Wyświetl Pojedyńczy Post
Stary 14-09-2012, 17:46   #105
Sekal
 
Sekal's Avatar
 
Reputacja: 1 Sekal ma wspaniałą reputacjęSekal ma wspaniałą reputacjęSekal ma wspaniałą reputacjęSekal ma wspaniałą reputacjęSekal ma wspaniałą reputacjęSekal ma wspaniałą reputacjęSekal ma wspaniałą reputacjęSekal ma wspaniałą reputacjęSekal ma wspaniałą reputacjęSekal ma wspaniałą reputacjęSekal ma wspaniałą reputację
Szybko się okazało, że Mruk miał dużo racji z tym, że potrzebowali najpierw pomocy lub chociaż odpoczynku. O ile mężczyzna jeszcze dawał sobie jakoś radę sam, kuśtykając, o tyle Lena potrzebowała już pomocy, której udzielała jej Isha. O wyprawie w góry w takim stanie mogli zapomnieć, a po trakcie snuliby się bardzo powoli.
Okazało się, że kłótnia już się skończyła, a w siole pozostał sam Kal, stojący niedaleko płonącego stosu. Najwyraźniej podjęto decyzję. Po reszcie pozostała tylko strzałka wymalowana na ziemi, wskazująca na wioskę za jeziorem.
Kalayaan zauważył ich dopiero, gdy wkroczyli między budynki, prowadząc wyraźnie ranną dziewczynę.
Mruk chrząknął, widząc tę scenę, a potem rozejrzał się dokładniej, odnajdując strzałkę narysowaną na ziemi.

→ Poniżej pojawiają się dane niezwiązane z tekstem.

(* Let $R$ be a commutative local ring and $s\in R$. Then $A\in M_2(R;s)$ is strongly $J$-clean if and only if one of the following holds: (1) $A\in J\big(M_2(R;s)\big)$; (2) $I_2-A\in J\big(M_2(R;s)\big)$; (3) the $s$-characteristic polynomial $t^2-tr(A)t+\det_s(A)$ has a root in $J(R)$ and a root in $1+J(R)$.
   Context: A commutative ring $R$ is local if it has a unique maximal ideal $J(R)$ (its Jacobson radical); $J(T)$ denotes the Jacobson radical of a ring $T$. For a commutative ring $R$ and $s\in R$, $M_2(R;s)$ denotes the ring whose elements are the $2\times 2$ arrays $\left[\begin{smallmatrix} a&b\\ c&d\end{smallmatrix}\right]$ with $a,b,c,d\in R$, with componentwise addition and multiplication $\left[\begin{smallmatrix} a&b\\ c&d\end{smallmatrix}\right]\left[\begin{smallmatrix} a'&b'\\ c'&d'\end{smallmatrix}\right]=\left[\begin{smallmatrix} aa'+s^2bc'&ab'+bd'\\ ca'+dc'&s^2cb'+dd'\end{smallmatrix}\right]$, with identity $I_2$. For $A=\left[\begin{smallmatrix} a&b\\ c&d\end{smallmatrix}\right]$, $\det_s(A)=ad-s^2bc$ and $tr(A)=a+d$. An element $a$ of a ring $T$ is strongly $J$-clean if there is an idempotent $e\in T$ with $ae=ea$ and $a-e\in J(T)$. *)

theory Defs
  imports "HOL-Algebra.Algebra"
begin

definition left_ideal :: "'a set \<Rightarrow> ('a, 'b) ring_scheme \<Rightarrow> bool" where
  "left_ideal I T \<longleftrightarrow> additive_subgroup I T \<and>
     (\<forall>x\<in>carrier T. \<forall>a\<in>I. x \<otimes>\<^bsub>T\<^esub> a \<in> I)"

definition maximal_left_ideal :: "'a set \<Rightarrow> ('a, 'b) ring_scheme \<Rightarrow> bool" where
  "maximal_left_ideal I T \<longleftrightarrow> left_ideal I T \<and> I \<noteq> carrier T \<and>
     (\<forall>K. left_ideal K T \<and> I \<subseteq> K \<longrightarrow> K = I \<or> K = carrier T)"

definition jacobson :: "('a, 'b) ring_scheme \<Rightarrow> 'a set" where
  "jacobson T = carrier T \<inter> \<Inter> {I. maximal_left_ideal I T}"

definition local_ring :: "('a, 'b) ring_scheme \<Rightarrow> bool" where
  "local_ring R \<longleftrightarrow> cring R \<and> (\<exists>!I. maximalideal I R)"

definition strongly_J_clean :: "('a, 'b) ring_scheme \<Rightarrow> 'a \<Rightarrow> bool" where
  "strongly_J_clean T a \<longleftrightarrow> a \<in> carrier T \<and>
     (\<exists>e\<in>carrier T. e \<otimes>\<^bsub>T\<^esub> e = e \<and> a \<otimes>\<^bsub>T\<^esub> e = e \<otimes>\<^bsub>T\<^esub> a \<and>
        a \<ominus>\<^bsub>T\<^esub> e \<in> jacobson T)"

text \<open>The ring M_2(R;s); an array [a b; c d] is the tuple (a,b,c,d).\<close>
definition M2s :: "('a, 'b) ring_scheme \<Rightarrow> 'a \<Rightarrow> ('a \<times> 'a \<times> 'a \<times> 'a) ring" where
  "M2s R s = \<lparr>carrier = {(a,b,c,d). a \<in> carrier R \<and> b \<in> carrier R \<and> c \<in> carrier R \<and> d \<in> carrier R},
     monoid.mult = (\<lambda>(a,b,c,d) (a',b',c',d').
        (a \<otimes>\<^bsub>R\<^esub> a' \<oplus>\<^bsub>R\<^esub> (s \<otimes>\<^bsub>R\<^esub> s) \<otimes>\<^bsub>R\<^esub> b \<otimes>\<^bsub>R\<^esub> c',
         a \<otimes>\<^bsub>R\<^esub> b' \<oplus>\<^bsub>R\<^esub> b \<otimes>\<^bsub>R\<^esub> d',
         c \<otimes>\<^bsub>R\<^esub> a' \<oplus>\<^bsub>R\<^esub> d \<otimes>\<^bsub>R\<^esub> c',
         (s \<otimes>\<^bsub>R\<^esub> s) \<otimes>\<^bsub>R\<^esub> c \<otimes>\<^bsub>R\<^esub> b' \<oplus>\<^bsub>R\<^esub> d \<otimes>\<^bsub>R\<^esub> d')),
     one = (\<one>\<^bsub>R\<^esub>, \<zero>\<^bsub>R\<^esub>, \<zero>\<^bsub>R\<^esub>, \<one>\<^bsub>R\<^esub>),
     ring.zero = (\<zero>\<^bsub>R\<^esub>, \<zero>\<^bsub>R\<^esub>, \<zero>\<^bsub>R\<^esub>, \<zero>\<^bsub>R\<^esub>),
     ring.add = (\<lambda>(a,b,c,d) (a',b',c',d').
        (a \<oplus>\<^bsub>R\<^esub> a', b \<oplus>\<^bsub>R\<^esub> b', c \<oplus>\<^bsub>R\<^esub> c', d \<oplus>\<^bsub>R\<^esub> d'))\<rparr>"

definition det_s :: "('a, 'b) ring_scheme \<Rightarrow> 'a \<Rightarrow> 'a \<times> 'a \<times> 'a \<times> 'a \<Rightarrow> 'a" where
  "det_s R s A = (case A of (a,b,c,d) \<Rightarrow>
      a \<otimes>\<^bsub>R\<^esub> d \<ominus>\<^bsub>R\<^esub> (s \<otimes>\<^bsub>R\<^esub> s) \<otimes>\<^bsub>R\<^esub> b \<otimes>\<^bsub>R\<^esub> c)"

definition tr2 :: "('a, 'b) ring_scheme \<Rightarrow> 'a \<times> 'a \<times> 'a \<times> 'a \<Rightarrow> 'a" where
  "tr2 R A = (case A of (a,b,c,d) \<Rightarrow> a \<oplus>\<^bsub>R\<^esub> d)"

definition char_s :: "('a, 'b) ring_scheme \<Rightarrow> 'a \<Rightarrow> 'a \<times> 'a \<times> 'a \<times> 'a \<Rightarrow> 'a \<Rightarrow> 'a" where
  "char_s R s A t = t \<otimes>\<^bsub>R\<^esub> t \<ominus>\<^bsub>R\<^esub> tr2 R A \<otimes>\<^bsub>R\<^esub> t \<oplus>\<^bsub>R\<^esub> det_s R s A"

end

theory Submission
  imports Defs
begin

text \<open>
  Write A = E + W with E an idempotent commuting with A and W in the radical. If E is 0 or 1
  we are in case (1) or (2). Otherwise det_s E and tr E are idempotents of the local ring R
  (by multiplicativity of det_s and by Cayley-Hamilton), hence 0 or 1, and E \<noteq> 0, 1 forces
  det_s E = 0 and tr E = 1.
  For such an E one has E X E = tr(E X) E, so E A = \<beta> E and (1 - E) A = \<alpha> (1 - E); hence
  A = \<alpha> I + (\<beta> - \<alpha>) E has s-characteristic polynomial (t - \<alpha>)(t - \<beta>), and \<alpha>, \<beta> - 1 lie in
  J(R) because \<alpha> (1 - E) and (\<beta> - 1) E lie in the radical of M2(R;s).

  Conversely, for roots \<alpha> \<in> J(R) and \<beta> \<in> 1 + J(R) the difference \<beta> - \<alpha> is a unit, and
  Cayley-Hamilton gives (A - \<alpha> I)^2 = (\<beta> - \<alpha>)(A - \<alpha> I). So E = (A - \<alpha> I)/(\<beta> - \<alpha>) is an
  idempotent commuting with A, and A - E has all entries in J(R); such a matrix W lies in the
  radical since det_s (I - Y W) is a unit for every Y.
\<close>

section \<open>The Jacobson radical as an intersection of maximal left ideals\<close>

context ring
begin

lemma left_idealI:
  assumes "K \<subseteq> carrier R" "\<zero> \<in> K" "\<And>x y. x \<in> K \<Longrightarrow> y \<in> K \<Longrightarrow> x \<oplus> y \<in> K"
    and "\<And>x a. x \<in> carrier R \<Longrightarrow> a \<in> K \<Longrightarrow> x \<otimes> a \<in> K"
  shows "left_ideal K R"
proof -
  have "\<ominus> a \<in> K" if "a \<in> K" for a
  proof -
    have "\<ominus> a = (\<ominus> \<one>) \<otimes> a" using that assms(1) by (auto simp: l_minus)
    then show ?thesis using assms(4) that by simp
  qed
  then have "subgroup K (add_monoid R)"
    by (intro subgroup.intro) (use assms in \<open>auto simp: a_inv_def[symmetric]\<close>)
  then show ?thesis unfolding left_ideal_def using assms(4) by (auto intro: additive_subgroupI)
qed

lemma left_ideal_subset: "left_ideal K R \<Longrightarrow> K \<subseteq> carrier R"
  unfolding left_ideal_def by (simp add: additive_subgroup.a_subset)

lemma left_ideal_zero: "left_ideal K R \<Longrightarrow> \<zero> \<in> K"
  unfolding left_ideal_def by (simp add: additive_subgroup.zero_closed)

lemma left_ideal_add: "left_ideal K R \<Longrightarrow> x \<in> K \<Longrightarrow> y \<in> K \<Longrightarrow> x \<oplus> y \<in> K"
  unfolding left_ideal_def by (simp add: additive_subgroup.a_closed)

lemma left_ideal_l_mult: "left_ideal K R \<Longrightarrow> x \<in> carrier R \<Longrightarrow> a \<in> K \<Longrightarrow> x \<otimes> a \<in> K"
  unfolding left_ideal_def by blast

lemma left_ideal_one_imp_carrier:
  assumes "left_ideal K R" "\<one> \<in> K"
  shows "K = carrier R"
proof
  show "K \<subseteq> carrier R" using assms(1) by (rule left_ideal_subset)
  show "carrier R \<subseteq> K"
    using left_ideal_l_mult[OF assms(1) _ assms(2)] by (metis r_one subsetI)
qed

Jego pierwsze słowa miała usłyszeć tylko Kornik.
- Lubią nas tak jak my ich, że tak się im spieszyło? Jak na osoby, które mają nadzieję dogonić właściciela śladów to mnóstwo czasu spędzili na dyskusji.

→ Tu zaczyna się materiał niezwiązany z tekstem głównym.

lemma compact_imp_MH_tendsto_zero:
  fixes z :: "nat \<Rightarrow> nat \<Rightarrow> complex"
  assumes compact: "compact_op (MH \<alpha>)"
    and z: "\<And>k. z k \<in> l2" "\<And>k. l2norm (z k) \<le> B"
    and null: "\<And>n. n \<ge> 1 \<Longrightarrow> (\<lambda>k. z k n) \<longlonglongrightarrow> 0"
  shows "(\<lambda>k. l2norm (MH \<alpha> (z k))) \<longlonglongrightarrow> 0"
proof (rule LIMSEQ_zero_by_subseq[OF l2norm_nonneg])
  fix \<epsilon> :: real and s :: "nat \<Rightarrow> nat"
  assume "\<epsilon> > 0" "strict_mono s" and large: "\<And>j. \<epsilon> \<le> l2norm (MH \<alpha> (z (s j)))"
  have B: "0 \<le> B" using z(2)[of 0] l2norm_nonneg[of "z 0"] by linarith
  define c where "c = 1 / (B + 1)"
  have c: "0 < c" "c * B \<le> 1" using B by (simp_all add: c_def field_simps)
  define y where "y j = (\<lambda>n. of_real c * z (s j) n)" for j
  have y_l2: "y j \<in> l2" for j
    using c by (intro l2_dominated(1)[OF z(1)[of "s j"], of c]) (simp_all add: y_def norm_mult)
  have y_unit: "l2norm (y j) \<le> 1" for j
  proof -
    have "l2norm (y j) = c * l2norm (z (s j))" using c by (simp add: y_def l2norm_scale)
    then show ?thesis using mult_left_mono[OF z(2)[of "s j"], of c] c by linarith
  qed
  have y_coord: "(\<lambda>k. MH \<alpha> (y k) m) \<longlonglongrightarrow> 0" if "m \<ge> 1" for m
  proof -
    have "(\<lambda>k. z (s k) n) \<longlonglongrightarrow> 0" if "n \<ge> 1" for n
      using LIMSEQ_subseq_LIMSEQ[OF null[OF that] \<open>strict_mono s\<close>] by (simp add: o_def)
    then have "(\<lambda>k. MH \<alpha> (z (s k)) m) \<longlonglongrightarrow> 0"
      by (rule MH_tendsto_zero_coordwise[of "\<lambda>k. z (s k)" B, OF z(1) z(2) _ \<open>m \<ge> 1\<close>])
    from tendsto_mult_right_zero[OF this, of "of_real c"] show ?thesis by (simp add: y_def MH_scale)
  qed
  obtain s' where "strict_mono s'" and s': "(\<lambda>k. l2norm (MH \<alpha> (y (s' k)))) \<longlonglongrightarrow> 0"
    by (rule compact_MH_subseq_tendsto_zero[OF compact y_l2 y_unit y_coord]) (assumption | rule that)+
  have "l2norm (MH \<alpha> (y j)) = c * l2norm (MH \<alpha> (z (s j)))" for j
  proof -
    have "MH \<alpha> (y j) = (\<lambda>m. of_real c * MH \<alpha> (z (s j)) m)"
      by (simp add: y_def MH_scale fun_eq_iff)
    then show ?thesis using c by (simp add: l2norm_scale)
  qed
  then have "c * \<epsilon> \<le> l2norm (MH \<alpha> (y j))" for j
    using large[of j] c by (simp add: mult_le_cancel_left_pos)
  then have "c * \<epsilon> \<le> 0" by (intro LIMSEQ_le_const[OF s']) blast
  with mult_pos_pos[OF c(1) \<open>\<epsilon> > 0\<close>] show False by linarith
qed

lemma MH_Dr_minus_l2:
  assumes a: "a \<in> l2" and r: "0 \<le> r" "r \<le> 1"
  shows "MH (Dr r \<alpha>) a - MH \<alpha> a \<in> l2" "l2norm (MH (Dr r \<alpha>) a - MH \<alpha> a) \<le> 2 * C * l2norm a"
proof -
  let ?u = "Dr r (MH \<alpha> (Dr r a))"
  have u: "?u \<in> l2" "l2norm ?u \<le> C * l2norm a"
    using Dr_l2[OF MH_l2(1)[OF Dr_l2(1)[OF a r]] r] MH_l2(2)[OF Dr_l2(1)[OF a r]]
      mult_left_mono[OF Dr_l2(2)[OF a r] C_nonneg] by auto
  have d: "(\<lambda>m. ?u m - MH \<alpha> a m) \<in> l2" "l2norm (\<lambda>m. ?u m - MH \<alpha> a m) \<le> l2norm ?u + l2norm (MH \<alpha> a)"
    by (rule l2_diff[OF u(1) MH_l2(1)[OF a]])+
  show "MH (Dr r \<alpha>) a - MH \<alpha> a \<in> l2" by (rule l2_cong[OF _ d(1)]) (simp add: MH_Dr)
  have "l2norm (MH (Dr r \<alpha>) a - MH \<alpha> a) = l2norm (\<lambda>m. ?u m - MH \<alpha> a m)"
    by (rule l2norm_cong) (simp add: MH_Dr)
  then show "l2norm (MH (Dr r \<alpha>) a - MH \<alpha> a) \<le> 2 * C * l2norm a"
    using d(2) u(2) MH_l2(2)[OF a] by linarith
qed

lemma MH_Dr_minus_decomposition:
  assumes a: "a \<in> l2" and l: "l \<in> l2" and r: "0 \<le> r" "r \<le> 1" and m: "m \<ge> 1"
  shows "(MH (Dr r \<alpha>) a - MH \<alpha> a) m =
    (Dr r (MH \<alpha> (Dr r (\<lambda>n. a n - l n))) m - MH \<alpha> (\<lambda>n. a n - l n) m)
    + (Dr r (MH \<alpha> (\<lambda>n. Dr r l n - l n)) m + (Dr r (MH \<alpha> l) m - MH \<alpha> l m))"
proof -
  have "Dr r (\<lambda>n. a n - l n) = (\<lambda>n. Dr r a n - Dr r l n)"
    by (simp add: Dr_def fun_eq_iff right_diff_distrib)
  then have e1: "MH \<alpha> (Dr r (\<lambda>n. a n - l n)) m = MH \<alpha> (Dr r a) m - MH \<alpha> (Dr r l) m"
    using MH_diff[OF Dr_l2(1)[OF a r] Dr_l2(1)[OF l r] m] by simp
  have e2: "MH \<alpha> (\<lambda>n. Dr r l n - l n) m = MH \<alpha> (Dr r l) m - MH \<alpha> l m"
    by (rule MH_diff[OF Dr_l2(1)[OF l r] l m])
  have e3: "MH \<alpha> (\<lambda>n. a n - l n) m = MH \<alpha> a m - MH \<alpha> l m"
    by (rule MH_diff[OF a l m])
  have "(MH (Dr r \<alpha>) a - MH \<alpha> a) m = of_real (r ^ weight m) * MH \<alpha> (Dr r a) m - MH \<alpha> a m"
    using m by (simp add: MH_Dr Dr_apply)
  then show ?thesis unfolding Dr_apply[of r "MH \<alpha> _" m] e1 e2 e3 by (simp add: algebra_simps)
qed

lemma l2norm_MH_Dr_minus_le_op_norm:
  assumes a: "a \<in> l2" and r: "0 \<le> r" "r \<le> 1"
  shows "l2norm (MH (Dr r \<alpha>) a - MH \<alpha> a) \<le> op_norm (\<lambda>a. MH (Dr r \<alpha>) a - MH \<alpha> a) * l2norm a"
proof (rule l2norm_le_op_norm[OF _ _ a])
  show "l2norm (MH (Dr r \<alpha>) b - MH \<alpha> b) \<le> 2 * C * l2norm b" if "b \<in> l2" for b
    by (rule MH_Dr_minus_l2(2)[OF that r])
  show "(MH (Dr r \<alpha>) (\<lambda>n. of_real c * b n) - MH \<alpha> (\<lambda>n. of_real c * b n)) m
      = of_real c * (MH (Dr r \<alpha>) b - MH \<alpha> b) m" for c b m
    by (simp add: MH_scale right_diff_distrib)
qed

lemma op_norm_MH_Dr_minus_nonneg:
  assumes "0 \<le> r" "r \<le> 1"
  shows "0 \<le> op_norm (\<lambda>a. MH (Dr r \<alpha>) a - MH \<alpha> a)"
proof (rule op_norm_nonneg)
  fix a assume "a \<in> l2" "l2norm a \<le> 1"
  then show "l2norm (MH (Dr r \<alpha>) a - MH \<alpha> a) \<le> 2 * C"
    using MH_Dr_minus_l2(2)[OF _ assms, of a] C_nonneg mult_left_mono[of "l2norm a" 1 "2 * C"]
    by simp
qed

lemma MH_Dr_minus_norm_le:
  assumes a: "a \<in> l2" and l: "l \<in> l2" and r: "0 \<le> r" "r \<le> 1"
  shows "l2norm (MH (Dr r \<alpha>) a - MH \<alpha> a)
    \<le> l2norm (MH \<alpha> (Dr r (\<lambda>n. a n - l n))) + l2norm (MH \<alpha> (\<lambda>n. a n - l n))
      + C * l2norm (\<lambda>n. Dr r l n - l n) + l2norm (\<lambda>n. Dr r (MH \<alpha> l) n - MH \<alpha> l n)"
proof -
  let ?z = "\<lambda>n. a n - l n"
  let ?p1 = "Dr r (MH \<alpha> (Dr r ?z))" and ?p2 = "MH \<alpha> ?z"
  let ?p3 = "Dr r (MH \<alpha> (\<lambda>n. Dr r l n - l n))" and ?p4 = "\<lambda>n. Dr r (MH \<alpha> l) n - MH \<alpha> l n"
  have z: "?z \<in> l2" by (rule l2_diff(1)[OF a l])
  have p1: "?p1 \<in> l2" "l2norm ?p1 \<le> l2norm (MH \<alpha> (Dr r ?z))"
    by (rule Dr_l2[OF MH_l2(1)[OF Dr_l2(1)[OF z r]] r])+
  have p3: "?p3 \<in> l2" "l2norm ?p3 \<le> C * l2norm (\<lambda>n. Dr r l n - l n)"
    using Dr_l2[OF MH_l2(1)[OF Dr_minus_l2(1)[OF l r]] r] MH_l2(2)[OF Dr_minus_l2(1)[OF l r]]
    by auto
  have q1: "(\<lambda>m. ?p1 m - ?p2 m) \<in> l2" "l2norm (\<lambda>m. ?p1 m - ?p2 m) \<le> l2norm ?p1 + l2norm ?p2"
    by (rule l2_diff[OF p1(1) MH_l2(1)[OF z]])+
  have q2: "(\<lambda>m. ?p3 m + ?p4 m) \<in> l2" "l2norm (\<lambda>m. ?p3 m + ?p4 m) \<le> l2norm ?p3 + l2norm ?p4"
    by (rule l2_add[OF p3(1) Dr_minus_l2(1)[OF MH_l2(1)[OF l] r]])+
  have "l2norm (MH (Dr r \<alpha>) a - MH \<alpha> a) = l2norm (\<lambda>m. (?p1 m - ?p2 m) + (?p3 m + ?p4 m))"
    by (rule l2norm_cong) (rule MH_Dr_minus_decomposition[OF a l r])
  also have "\<dots> \<le> l2norm (\<lambda>m. ?p1 m - ?p2 m) + l2norm (\<lambda>m. ?p3 m + ?p4 m)"
    by (rule l2_add(2)[OF q1(1) q2(1)])
  finally show ?thesis using q1(2) q2(2) p1(2) p3(2) by linarith
qed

Ostatecznie wzruszył ramionami i podkuśtykał do Kala, poważniejąc zupełnie.
- Widzę, że udało ci się ich przekonać. Albo ktoś inny to zrobił. Odkryliśmy, że zamek lokalnego lorda jest tylko kilka godzin stąd, a tę tutaj Lenę próbował zabić jeden z duchów, co potwierdza też przyczynę śmierci tych biedaków tutaj. Moim zdaniem nie ma co iść do tej osady. Widziałem jak wcześniej pomagałeś Ishy, czy mógłbyś zrobić też coś dla mnie, czy tej dziewczyny? Inaczej będziemy cholernie powolni.
-Nic z tego - odpowiedział najpierw na ostatnie pytanie, bezradnie rozkładając dłonie. -Może Ivor będzie wam w stanie pomóc, ale musielibyście go najpierw dogonić. Ruszył z resztą do wioski, razem z dwójką miejscowych, która się napatoczyła i małym... - zawiesił na chwilę głos. -Dlaczego jej nie zabił? - zapytał nagle wskazując ranną.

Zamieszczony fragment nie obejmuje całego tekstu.